Supplied information:
lemma pair_independent_iff_minor_nonzero:
  fixes a2 a3 a4 b2 b3 b4 :: real
  shows "(\<forall>\<beta> \<gamma>. \<beta> * a2 + \<gamma> * b2 = 0 \<and> \<beta> * a3 + \<gamma> * b3 = 0 \<and> \<beta> * a4 + \<gamma> * b4 = 0
            \<longrightarrow> \<beta> = 0 \<and> \<gamma> = 0)
     \<longleftrightarrow> a2 * b3 - a3 * b2 \<noteq> 0 \<or> a2 * b4 - a4 * b2 \<noteq> 0 \<or> a3 * b4 - a4 * b3 \<noteq> 0"
    (is "?indep \<longleftrightarrow> ?minor")
proof
  assume ?indep
  show ?minor
  proof (rule ccontr)
    assume "\<not> ?minor"
    then have m: "a2 * b3 = a3 * b2" "a2 * b4 = a4 * b2" "a3 * b4 = a4 * b3" by auto
    consider "a2 = 0 \<and> a3 = 0 \<and> a4 = 0" | "a2 \<noteq> 0" | "a3 \<noteq> 0" | "a4 \<noteq> 0" by blast
    then show False
    proof cases
      case 1
      with \<open>?indep\<close>[rule_format, of 1 0] show False by simp
    next
      case 2
      with \<open>?indep\<close>[rule_format, of b2 "- a2"] m show False by (simp add: algebra_simps)
    next
      case 3
      with \<open>?indep\<close>[rule_format, of b3 "- a3"] m show False by (simp add: algebra_simps)
    next
      case 4
      with \<open>?indep\<close>[rule_format, of b4 "- a4"] m show False by (simp add: algebra_simps)
    qed
  qed
next
  assume ?minor
  show ?indep
  proof (intro allI impI)
    fix \<beta> \<gamma> :: real
    assume e: "\<beta> * a2 + \<gamma> * b2 = 0 \<and> \<beta> * a3 + \<gamma> * b3 = 0 \<and> \<beta> * a4 + \<gamma> * b4 = 0"
    have cramer: "\<beta> * (ai * bj - aj * bi) = 0 \<and> \<gamma> * (ai * bj - aj * bi) = 0"
      if "\<beta> * ai + \<gamma> * bi = 0" "\<beta> * aj + \<gamma> * bj = 0" for ai aj bi bj
    proof -
      have "\<beta> * (ai * bj - aj * bi) = (\<beta> * ai + \<gamma> * bi) * bj - (\<beta> * aj + \<gamma> * bj) * bi"
        and "\<gamma> * (ai * bj - aj * bi) = (\<beta> * aj + \<gamma> * bj) * ai - (\<beta> * ai + \<gamma> * bi) * aj"
        by (simp_all add: algebra_simps)
      with that show ?thesis by simp
    qed
    from \<open>?minor\<close> cramer[of a2 b2 a3 b3] cramer[of a2 b2 a4 b4] cramer[of a3 b3 a4 b4] e
    show "\<beta> = 0 \<and> \<gamma> = 0" by auto
  qed
qed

Assigned task:
Output all of the records above unchanged.

Written response:
lemma pair_independent_iff_minor_nonzero:
  fixes a2 a3 a4 b2 b3 b4 :: real
  shows "(\<forall>\<beta> \<gamma>. \<beta> * a2 + \<gamma> * b2 = 0 \<and> \<beta> * a3 + \<gamma> * b3 = 0 \<and> \<beta> * a4 + \<gamma> * b4 = 0
            \<longrightarrow> \<beta> = 0 \<and> \<gamma> = 0)
     \<longleftrightarrow> a2 * b3 - a3 * b2 \<noteq> 0 \<or> a2 * b4 - a4 * b2 \<noteq> 0 \<or> a3 * b4 - a4 * b3 \<noteq> 0"
    (is "?indep \<longleftrightarrow> ?minor")
proof
  assume ?indep
  show ?minor
  proof (rule ccontr)
    assume "\<not> ?minor"
    then have m: "a2 * b3 = a3 * b2" "a2 * b4 = a4 * b2" "a3 * b4 = a4 * b3" by auto
    consider "a2 = 0 \<and> a3 = 0 \<and> a4 = 0" | "a2 \<noteq> 0" | "a3 \<noteq> 0" | "a4 \<noteq> 0" by blast
    then show False
    proof cases
      case 1
      with \<open>?indep\<close>[rule_format, of 1 0] show False by simp
    next
      case 2
      with \<open>?indep\<close>[rule_format, of b2 "- a2"] m show False by (simp add: algebra_simps)
    next
      case 3
      with \<open>?indep\<close>[rule_format, of b3 "- a3"] m show False by (simp add: algebra_simps)
    next
      case 4
      with \<open>?indep\<close>[rule_format, of b4 "- a4"] m show False by (simp add: algebra_simps)
    qed
  qed
next
  assume ?minor
  show ?indep
  proof (intro allI impI)
    fix \<beta> \<gamma> :: real
    assume e: "\<beta> * a2 + \<gamma> * b2 = 0 \<and> \<beta> * a3 + \<gamma> * b3 = 0 \<and> \<beta> * a4 + \<gamma> * b4 = 0"
    have cramer: "\<beta> * (ai * bj - aj * bi) = 0 \<and> \<gamma> * (ai * bj - aj * bi) = 0"
      if "\<beta> * ai + \<gamma> * bi = 0" "\<beta> * aj + \<gamma> * bj = 0" for ai aj bi bj
    proof -
      have "\<beta> * (ai * bj - aj * bi) = (\<beta> * ai + \<gamma> * bi) * bj - (\<beta> * aj + \<gamma> * bj) * bi"
        and "\<gamma> * (ai * bj - aj * bi) = (\<beta> * aj + \<gamma> * bj) * ai - (\<beta> * ai + \<gamma> * bi) * aj"
        by (simp_all add: algebra_simps)
      with that show ?thesis by simp
    qed
    from \<open>?minor\<close> cramer[of a2 b2 a3 b3] cramer[of a2 b2 a4 b4] cramer[of a3 b3 a4 b4] e
    show "\<beta> = 0 \<and> \<gamma> = 0" by auto
  qed
qed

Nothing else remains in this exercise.